В первый раз удивились эсеры, когда увидели, что любовь их вождя покоится в гробу с православным венчиком вокруг чела — молитва должна открыть ей путь к самому Господу Богу.

Во второй раз прошибло их удивление, когда принялись закидывать гроб мерзлыми комьями. Федорович вдруг побледнел, затрясся и запел, но не революционную песню, под которую ходили на каторгу, а тропарь по усопшей.

Чисто, звонко пел:

«Со духи праведных скончавшихся душу рабыни Твоей спасе, упокой, сохраняя во блаженной жизни, яже у Тебя человеколюбие…»
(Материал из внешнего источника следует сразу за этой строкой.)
lemma three_zone_phase:
  assumes "0 < \<kappa>1" "0 < \<kappa>3" "0 < k" "k \<le> arctan (\<kappa>1 / k) + arctan (\<kappa>3 / k)"
  defines "\<theta>1 \<equiv> arctan (\<kappa>1 / k)"
  shows "\<And>x. 0 \<le> x \<Longrightarrow> x \<le> 1 \<Longrightarrow> 0 < cos (k * x - \<theta>1)"
    and "k * sin (k - \<theta>1) / \<kappa>3 \<le> cos (k - \<theta>1)"
proof -
  define \<theta>3 where "\<theta>3 = arctan (\<kappa>3 / k)"
  have \<theta>: "0 < \<theta>1" "\<theta>1 < pi / 2" "0 < \<theta>3" "\<theta>3 < pi / 2" "k - \<theta>1 \<le> \<theta>3"
    using assms arctan_ubound by (auto simp: \<theta>1_def \<theta>3_def)
  show cos_pos: "0 < cos (k * x - \<theta>1)" if "0 \<le> x" "x \<le> 1" for x
  proof -
    have "0 \<le> k * x" "k * x \<le> k" using that \<open>0 < k\<close> by (auto simp: mult_le_cancel_left1)
    then show ?thesis by (intro cos_gt_zero_pi) (use \<theta> in linarith)+
  qed
  have "tan (k - \<theta>1) \<le> tan \<theta>3"
    using \<theta> \<open>0 < k\<close> tan_monotone[of "k - \<theta>1" \<theta>3] by (cases "k - \<theta>1 = \<theta>3") auto
  also have "tan \<theta>3 = \<kappa>3 / k" by (simp add: \<theta>3_def tan_arctan)
  finally show "k * sin (k - \<theta>1) / \<kappa>3 \<le> cos (k - \<theta>1)"
    using cos_pos[of 1] \<open>0 < k\<close> \<open>0 < \<kappa>3\<close> by (simp add: tan_def field_simps)
qed

lemma three_zone_solution:
  assumes "0 < \<kappa>1" "0 < \<kappa>3" "0 < k" "k \<le> arctan (\<kappa>1 / k) + arctan (\<kappa>3 / k)"
  obtains \<phi> \<phi>' where "positive_C1 \<phi> \<phi>'"
    and "\<And>x. x \<noteq> 0 \<Longrightarrow> x \<noteq> 1 \<Longrightarrow>
           (\<phi>' has_real_derivative mfun (\<kappa>1\<^sup>2) (- (k\<^sup>2)) (\<kappa>3\<^sup>2) x * \<phi> x) (at x)"
proof -
  define \<theta>1 C S where "\<theta>1 = arctan (\<kappa>1 / k)" and "C = cos (k - \<theta>1)" and "S = sin (k - \<theta>1)"
  note phase = three_zone_phase[OF assms, folded \<theta>1_def]
  txt \<open>An exponential on the left, a cosine in the middle (matched to it at \<open>0\<close> by the choice
    of the phase \<open>\<theta>1\<close>) and its \<open>C\<^sup>1\<close> continuation by \<open>cosh\<close> and \<open>sinh\<close> on the right, which
    stays positive because \<open>k tan (k - \<theta>1) \<le> \<kappa>3\<close>.\<close>
  define g1 g2 g3 where "g1 y = cos \<theta>1 * exp (\<kappa>1 * y)" and "g2 y = cos (k * y - \<theta>1)"
    and "g3 y = C * cosh (\<kappa>3 * (y - 1)) - k * S / \<kappa>3 * sinh (\<kappa>3 * (y - 1))" for y
  define h1 h2 h3 where "h1 y = \<kappa>1 * cos \<theta>1 * exp (\<kappa>1 * y)" and "h2 y = - k * sin (k * y - \<theta>1)"
    and "h3 y = \<kappa>3 * C * sinh (\<kappa>3 * (y - 1)) - k * S * cosh (\<kappa>3 * (y - 1))" for y
  have dg: "(g1 has_real_derivative h1 x) (at x)" "(g2 has_real_derivative h2 x) (at x)"
    "(g3 has_real_derivative h3 x) (at x)" for x
    unfolding g1_def g2_def g3_def h1_def h2_def h3_def using \<open>0 < \<kappa>3\<close>
    by (auto intro!: derivative_eq_intros)
  have dh: "(h1 has_real_derivative \<kappa>1\<^sup>2 * g1 x) (at x)" "(h2 has_real_derivative - (k\<^sup>2) * g2 x) (at x)"
    "(h3 has_real_derivative \<kappa>3\<^sup>2 * g3 x) (at x)" for x
    unfolding g1_def g2_def g3_def h1_def h2_def h3_def using \<open>0 < \<kappa>3\<close>
    by (auto intro!: derivative_eq_intros simp: power2_eq_square algebra_simps)
  have junctions: "g1 0 = g2 0" "g2 1 = g3 1" "h1 0 = h2 0" "h2 1 = h3 1"
    using \<open>0 < k\<close> by (simp_all add: g1_def g2_def g3_def h1_def h2_def h3_def C_def S_def \<theta>1_def
        cos_arctan sin_arctan field_simps)
  have "0 < g1 x" for x
    using phase(1)[of 0] by (simp add: g1_def)
  moreover have "0 < g2 x" if "0 \<le> x" "x < 1" for x
    using phase(1)[of x] that by (simp add: g2_def)
  moreover have "0 < g3 x" if "1 \<le> x" for x
    unfolding g3_def using phase(1)[of 1] phase(2) that \<open>0 < \<kappa>3\<close>
    by (intro cosh_sinh_combination_pos) (auto simp: C_def S_def)
  ultimately have "positive_C1 (piecewise3 g1 g2 g3) (piecewise3 h1 h2 h3)"
    by (intro positive_C1_piecewise3[OF dg dh[THEN DERIV_isCont] junctions])
  moreover have "(piecewise3 h1 h2 h3 has_real_derivative
      mfun (\<kappa>1\<^sup>2) (- (k\<^sup>2)) (\<kappa>3\<^sup>2) x * piecewise3 g1 g2 g3 x) (at x)" if "x \<noteq> 0" "x \<noteq> 1" for x
    using DERIV_piecewise3_ode[OF dh junctions(3,4) that] .
  ultimately show ?thesis by (rule that)
qed

section \<open>Supersolutions of the eigenvalue problem\<close>

lemma interval_integral_diff_eq_integral:
  fixes f :: "real \<Rightarrow> real"
  assumes int: "\<And>a b. set_integrable lborel {a..b} f" and "x \<le> y"
  shows "(LBINT t=0..y. f t) - (LBINT t=0..x. f t) = integral {x..y} f"
proof -
  have "interval_lebesgue_integrable lborel (ereal a) (ereal b) f" if "a \<le> b" for a b
    using that by (auto simp: interval_lebesgue_integrable_def intro!: set_integrable_subset[OF int[of a b]])
  moreover have "ereal (min 0 (min x y)) = min 0 (min (ereal x) (ereal y))"
    "ereal (max 0 (max x y)) = max 0 (max (ereal x) (ereal y))"
    by (simp_all add: min_def max_def zero_ereal_def)
  ultimately have "(LBINT t=0..x. f t) + (LBINT t=x..y. f t) = (LBINT t=0..y. f t)"
    by (intro interval_integral_sum) (metis min.cobounded1 max.cobounded1 order.trans)
  moreover have "(LBINT t=x..y. f t) = integral {x..y} f"
    by (rule interval_integral_eq_integral[OF \<open>x \<le> y\<close> int])
  ultimately show ?thesis by simp
qed

lemma isCont_if_diff_eq_integral:
  fixes g f :: "real \<Rightarrow> real"
  assumes diff: "\<And>x y. x \<le> y \<Longrightarrow> g y - g x = integral {x..y} f"
    and int: "\<And>a b. f integrable_on {a..b}"
  shows "isCont g z"
proof -
  have "continuous_on {z - 1..z + 1} (\<lambda>y. g (z - 1) + integral {z - 1..y} f)"
    by (intro continuous_intros indefinite_integral_continuous_1 int)
  then have "continuous_on {z - 1..z + 1} g"
    by (rule continuous_on_eq) (use diff in force)
  then show ?thesis
    by (rule continuous_on_interior) (simp add: interior_atLeastAtMost_real)
qed

lemma weak_deriv2_le_of_AE:
  fixes \<phi> \<phi>' \<phi>'' :: "real \<Rightarrow> real"
  assumes diff: "\<And>x y. x \<le> y \<Longrightarrow> \<phi>' y - \<phi>' x = integral {x..y} \<phi>''"
    and int: "\<And>a b. set_integrable lborel {a..b} \<phi>''"
    and cont: "continuous_on UNIV \<phi>"
    and ae: "AE t in lborel. t \<in> I \<longrightarrow> \<phi>'' t \<le> c * \<phi> t"
  shows "weak_deriv2_le I c \<phi> \<phi>'"
  unfolding weak_deriv2_le_def
proof (intro allI impI)
  fix x y :: real assume "x \<le> y" "{x..y} \<subseteq> I"
  have int_c\<phi>: "set_integrable lborel {x..y} (\<lambda>t. c * \<phi> t)"
    by (intro borel_integrable_atLeastAtMost' continuous_intros continuous_on_subset[OF cont]) auto
  have "\<phi>' y - \<phi>' x = (LINT t:{x..y}|lborel. \<phi>'' t)"
    using diff[OF \<open>x \<le> y\<close>] set_borel_integral_eq_integral(2)[OF int] by simp
  also have "\<dots> \<le> (LINT t:{x..y}|lborel. c * \<phi> t)"
  proof (rule set_integral_mono_AE[OF int int_c\<phi>])
    show "AE t\<in>{x..y} in lborel. \<phi>'' t \<le> c * \<phi> t"
      using ae by eventually_elim (use \<open>{x..y} \<subseteq> I\<close> in auto)
  qed
  also have "\<dots> = c * integral {x..y} \<phi>"
    using set_borel_integral_eq_integral(2)[OF int_c\<phi>] by simp
  finally show "\<phi>' y - \<phi>' x \<le> c * integral {x..y} \<phi>" .
qed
Поначалу смешались боевики, аж рты поразевали: у вождя лицо окаменело, без всяких чувств, только слезы и живые, а погодя грянули за ним со всей мощью мужского горя и преданностью дружбе:

«Молитву пролию ко Господу, к Тому возвещу печали моя…»

Бесстрашные люди, стреляные, битые, травленые, в рубцах от ран и плетей, с туберкулезными кавернами в легких и с метками от жандармских и белых фухтелей, преданные идеалам свободной России…

Сгребли холм из гранитно жесткой земли. Пусть земля тебе будет пухом, Татьяна Петровна…

Обнимал их и горько плакал Три Фэ, спустил заводку, сорвалась пружина — иначе мог и не выдержать человек. А так… Мяли они его за плечи, тыкали кулаками в грудь, спину и глотали слезы. Шибко плохо стало Федоровичу. Всю обратную дорогу несли его.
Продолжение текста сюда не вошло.